Thursday, February 4, 2016

Bargaining power

If you come to visit us in Oaxaca when we get back, you might want to go shopping. We have so much to choose from. You could walk the aisles of the Artisan Market and get shawls or embroidered blouses or beaded purses. You could buy Christmas ornaments made of embossed tin or supple leather pouches. Or you could sit at one of the tables at the 20 de Noviembre market and drink hot chocolate frothed with a wooden paddle and served with rich pasca-like bread. Chocolate comes originally from Mexico and is used there for other things besides desserts, so you could buy chicken bathed in chocolate mole with a side dish of crunchy, salty grasshoppers. Or you could go to a village where people weave rugs in their homes, and you could choose your own natural colors (the red comes from the tiny cochineal bug that grows on cactus leaves). Or you could take a local bus to the town that makes black pottery or to the workshop in Etla where Neftali and Noel, Mixe artisans, some of the best in the nation, apprentice young men from Indian villages in the intricate carving and painting of fantastical creatures called alebrije. For much of this shopping, you will need bargaining skills. You might have to haggle a bit and even walk away to see if the price will come down. If your purchase is the vendor’s first sale of the day, you might see her genuflect to show her gratitude. Bargaining is part of market culture in Oaxaca. It’s part of the shopping experience.
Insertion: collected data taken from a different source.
(* Let $\Gamma\subset\mathbb{O}$ be countable. Then there exists a countable totally ordered subset $\hat\Gamma\subset\mathbb{O}$ with $\sup(\hat\Gamma)=\sup(\Gamma)$ in $\overline{\mathbb{O}}$. Moreover, if $\Gamma\subset\mathbb{B}$ (respectively $\Gamma\subset\mathbb{L}$), then $\hat\Gamma$ can be taken with $\hat\Gamma\subset\mathbb{B}$ (respectively $\hat\Gamma\subset\mathbb{L}$).
   Context: Let $\mathcal{O}$ be the set of non-decreasing sequences $a:\mathbb{N}\to[0,\infty)$, $a\approx b$ iff $c_1a(n)\le b(n)\le c_2a(n)$ for all $n$ for some constants $0<c_1\le c_2$, $\mathbb{O}=\mathcal{O}/\!\approx$ with classes $[a(n)]$, ordered by $[a(n)]\le[b(n)]$ iff $a(n)\le Cb(n)$ for all $n$ for some $C>0$; $\overline{\mathbb{O}}$ is its Dedekind–MacNeille completion. $\mathbb{B}$ is the set of classes with $a(n+1)\le Ca(n)$ for all $n$ for some $C>0$; $\mathbb{L}$ is the set of classes with $[a(mn)]=[a(n)]$ for some integer $m\ge2$. *)

theory Defs
  imports Complex_Main "HOL-Library.Countable_Set"
begin

definition Oseq :: "(nat \<Rightarrow> real) \<Rightarrow> bool" where
  "Oseq a \<longleftrightarrow> mono a \<and> (\<forall>n. 0 \<le> a n)"

definition approx :: "(nat \<Rightarrow> real) \<Rightarrow> (nat \<Rightarrow> real) \<Rightarrow> bool" where
  "approx a b \<longleftrightarrow> (\<exists>c1 c2. 0 < c1 \<and> c1 \<le> c2 \<and> (\<forall>n. c1 * a n \<le> b n \<and> b n \<le> c2 * a n))"

definition cls :: "(nat \<Rightarrow> real) \<Rightarrow> (nat \<Rightarrow> real) set" where
  "cls a = {b. Oseq b \<and> approx a b}"

definition Oclasses :: "(nat \<Rightarrow> real) set set" where
  "Oclasses = cls ` {a. Oseq a}"

definition Ole :: "(nat \<Rightarrow> real) set \<Rightarrow> (nat \<Rightarrow> real) set \<Rightarrow> bool" where
  "Ole A B \<longleftrightarrow> (\<exists>a\<in>A. \<exists>b\<in>B. \<exists>C>0. \<forall>n. a n \<le> C * b n)"

definition BB :: "(nat \<Rightarrow> real) set set" where
  "BB = {A \<in> Oclasses. \<exists>a\<in>A. \<exists>C>0. \<forall>n. a (Suc n) \<le> C * a n}"

definition LL :: "(nat \<Rightarrow> real) set set" where
  "LL = {A \<in> Oclasses. \<exists>a\<in>A. \<exists>m::nat. 2 \<le> m \<and> cls (\<lambda>n. a (m * n)) = cls a}"

definition Oupper :: "(nat \<Rightarrow> real) set set \<Rightarrow> (nat \<Rightarrow> real) set set" where
  "Oupper S = {B \<in> Oclasses. \<forall>A\<in>S. Ole A B}"

definition Olower :: "(nat \<Rightarrow> real) set set \<Rightarrow> (nat \<Rightarrow> real) set set" where
  "Olower S = {A \<in> Oclasses. \<forall>B\<in>S. Ole A B}"

text \<open>Dedekind-MacNeille completion of O: the cuts X \<subseteq> O with X = (X^u)^l,
  ordered by inclusion; O embeds via A \<mapsto> ({A}^u)^l.  The supremum in the
  completion of (the image of) a subset S \<subseteq> O is the cut (S^u)^l.\<close>
definition DM_completion :: "(nat \<Rightarrow> real) set set set" where
  "DM_completion = {X. X \<subseteq> Oclasses \<and> Olower (Oupper X) = X}"

definition DM_sup :: "(nat \<Rightarrow> real) set set \<Rightarrow> (nat \<Rightarrow> real) set set" where
  "DM_sup S = Olower (Oupper S)"

definition Ototal :: "(nat \<Rightarrow> real) set set \<Rightarrow> bool" where
  "Ototal S \<longleftrightarrow> (\<forall>A\<in>S. \<forall>B\<in>S. Ole A B \<or> Ole B A)"

end

theory Submission
  imports Defs
begin

text \<open>Enumerate \<open>\<Gamma>\<close> as \<open>[a\<^sub>0], [a\<^sub>1], \<dots>\<close> and replace it by the chain of classes of the
  running maxima \<open>M\<^sub>k = max(a\<^sub>0, \<dots>, a\<^sub>k)\<close>.  Every \<open>a\<^sub>i\<close> lies below \<open>M\<^sub>i\<close>, and an upper bound
  of all \<open>a\<^sub>i\<close> bounds each finite maximum, so the chain has exactly the upper bounds of \<open>\<Gamma>\<close>
  and hence the same supremum in the completion.  Both the growth condition defining \<open>\<bbbB>\<close>
  and the dilation condition defining \<open>\<bbbL>\<close> (equivalently \<open>a(2n) \<le> C a(n)\<close>) are
  inherited by pointwise maxima, so the chain stays in \<open>\<bbbB>\<close> resp. \<open>\<bbbL>\<close>.\<close>

definition dominated_by :: "(nat \<Rightarrow> real) \<Rightarrow> (nat \<Rightarrow> real) \<Rightarrow> bool" where
  "dominated_by a b \<longleftrightarrow> (\<exists>C>0. \<forall>n. a n \<le> C * b n)"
Unfortunately, for me, I hate bargaining, so when visitors want to do that kind of shopping, Robert takes them, and I stay home.  Robert, the true shopper of the family, bargains wherever it’s useful, like at garage sales, Kijiji (Canada’s version of Craig’s List) listings, and pawn shop offers. It’s a skill he was born with. I, on the other hand, want to walk into a store and find a price tag dangling from every item so I can comparison shop without any hovering.

I wonder if this relates to the whole introvert/extrovert thing. Extroverts have long D4DR genes, which make them less sensitive to the neurotransmitter dopamine (a “feel good” gene), so they need to get their “chills and thrills” from outside stimulus like bargaining. Introverts, on the other hand, don’t need as much outside stimulus because their short D4DR genes are quite sensitive to dopamine, and so they get all the “buzz” they need without parachuting out of an airplane or haggling at a Oaxacan market. Whatever the reason, I don’t like it, but I bet it's a necessary skill in making lots of money.

So there is at least one advantage in living in North America: I can at least go shopping without bargaining. But wait! There is a vital product for which bargaining is required, actually, and it’s a matter of living or dying, of solvency or bankruptcy. It’s American health care. In Canada, the Insurer (the Government) has done a lot of bargaining behind the scenes, so the prices for health care are set and not going any lower, no matter who asks. In the US, however, the costs vary all over the place, and they can go up or down depending on who asks and why. If you have insurance, you might get a much higher price for a procedure, or a much lower price as an uninsured individual.  Bargaining is absolutely necessary. When Robert got his back surgery, our insurer negotiated with the hospital (standard procedure) and the bill got cut in half. What would the final bill have been without their bargaining power and knowledge? What if we'd had to to pay the $8000/IV treatment for my cancer? We’d be bankrupt right now.


And my kids are now caught in the US health care system with no safety net, and I have to admit it alarms me, making me feel like a tiny fly caught in the web of a giant spider.  I don’t know what to do. Elai has no insurance because her insurance was cut off when she got married, and Philip’s may be cut off, too—we don’t know—and none of us can afford the $8000/year per child that it would cost to insure them. What do we Americans do? Feels like gambling. Like jumping out of a plane. Like haggling with a spider. Maybe some people like this.